Tuna Chowder

I was thinking of how to use my Wild Planet tuna in a winter comfort food and it warms my heart and toes that I succeeded.. And its done in 1 2qt pot in 30 mins.. Drivers face the risk of being stranded in winter weather.. Most of us pack extra canned goods and water, just in case.. Canned doesn’t have to mean bland.. This chowder is anything but bland and can be eaten hot or cold, but I do prefer it hot.. I could see adding Chipotle spice or smoked paprika, if the mood strikes to add some spice heat, maybe next time..

 

Tuna Chowder

 

2 5oz cans of Wild Planet tuna undrained ย ( I only recommend this brand for the same results )

1 cup uncooked jasmine rice

32oz Low sodium fat free chicken broth

1 15 oz can whole kernel corn (drained)

4 stalks celery chopped

2 eggs

2 tbsp Melt or butter or margarine

1 tbsp ground garlic

1 tbsp ground thyme

1 tbsp onion powder

1 tbsp ground ginger

2 tbsp lemon juice concentrate

1/2 cups water (if needed)

 

In a 2 quart pot, melt the Melt and saute celery about 5mins on med high heat..

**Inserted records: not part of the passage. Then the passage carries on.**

lemma pos_def_huu_Hseq_Suc:
  fixes A B Q R :: "real mat"
  assumes Q: "pos_semidef n Q" and R: "pos_def m R" and \<gamma>: "0 \<le> \<gamma>"
  shows "pos_def m (huu n m (Hseq n m N A B Q R \<gamma> (Suc i)))"
proof -
  define G where "G = Gmat n m N Q R"
  define H where "H = Hseq n m N A B Q R \<gamma> i"
  define K where "K = transpose_mat (Mmat n m N A B (Lgain n m N H)) * H * Mmat n m N A B (Lgain n m N H)"
  have Suc: "Hseq n m N A B Q R \<gamma> (Suc i) = G + \<gamma> \<cdot>\<^sub>m K"
    by (simp add: G_def H_def K_def Let_def)
  have K: "pos_semidef (dimz n m N) K"
    unfolding K_def H_def by (rule pos_semidef_congruence[OF pos_semidef_Hseq[OF Q R \<gamma>] Mmat_carrier])
  have dim: "dimz n m N = n + m + (n + N*n)" by (simp add: dimz_eq)
  have Gc: "G \<in> carrier_mat (n + m + (n + N*n)) (n + m + (n + N*n))"
    using Gmat_carrier[of n m N Q R] unfolding G_def dim .
  have Kc: "K \<in> carrier_mat (n + m + (n + N*n)) (n + m + (n + N*n))"
    using K unfolding pos_semidef_def dim by simp
  have GKc: "G + \<gamma> \<cdot>\<^sub>m K \<in> carrier_mat (n + m + (n + N*n)) (n + m + (n + N*n))"
    using Kc by simp
  have Rc: "R \<in> carrier_mat m m" using R by (simp add: pos_def_def)
  have "symmetric_mat (huu n m (G + \<gamma> \<cdot>\<^sub>m K))"
    using pos_semidef_Hseq[OF Q R \<gamma>, of N A B "Suc i"] Gc Kc
    unfolding Suc pos_semidef_def dim by (intro symmetric_huu) auto
  moreover have "e \<bullet> (huu n m (G + \<gamma> \<cdot>\<^sub>m K) *\<^sub>v e) > 0"
    if e: "e \<in> carrier_vec m" and e_nz: "e \<noteq> 0\<^sub>v m" for e
  proof -
    let ?E = "0\<^sub>v n @\<^sub>v e @\<^sub>v 0\<^sub>v (n + N*n)"
    have E: "?E \<in> carrier_vec (n + m + (n + N*n))" using e by (simp add: add.assoc)
    have "e \<bullet> (R *\<^sub>v e) > 0" using R e e_nz by (simp add: pos_def_def)
    also have "e \<bullet> (R *\<^sub>v e) = ?E \<bullet> (G *\<^sub>v ?E)"
      using quadratic_form_zero_append_zero[OF Gc e] huu_Gmat[OF Rc] by (simp add: G_def)
    also have "\<dots> \<le> ?E \<bullet> (G *\<^sub>v ?E) + \<gamma> * (?E \<bullet> (K *\<^sub>v ?E))"
      using K E \<gamma> unfolding pos_semidef_def dim by simp
    also have "\<dots> = e \<bullet> (huu n m (G + \<gamma> \<cdot>\<^sub>m K) *\<^sub>v e)"
      using quadratic_form_add_smult[OF Gc Kc E, of \<gamma>] quadratic_form_zero_append_zero[OF GKc e]
      by simp
    finally show ?thesis .
  qed
  ultimately show ?thesis
    unfolding Suc pos_def_def by (simp add: huu_carrier)
qed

Add the broth keeping the heat on med high.. Add the rice and corn, allow to cook about 10 mins, stirring occasionally.. crack and drop both eggs in and wait about 1 minute and when the whites are halfway coagulated, break the yolks stirring them about a minute until the soup thickens.. Add spices and turn down the heat to med and cook another 12 mins.. If you use another brand of tuna, drain the tuna and use the 1/2 cup of water.. The chowder should be thick and creamy and the pot should be just shy of being full..

Using Melt ( or coconut oil ) this is the calories and cholesterol amounts

4 servings .. 2 cups each serving

Per serving :

245 calories

122.1 mg cholesterol ย ( 300mg is the daily recommended limit intake)

It’s packed with protein, vitamins and minerals.. very low in fat and ultra low in saturated fat..

For me it turned out to be a super soup..

Thick, creamy and chunky.. filling but doesn’t make you feel groggy or foggy after eating like some cream based soups do.. And its not fishy at all..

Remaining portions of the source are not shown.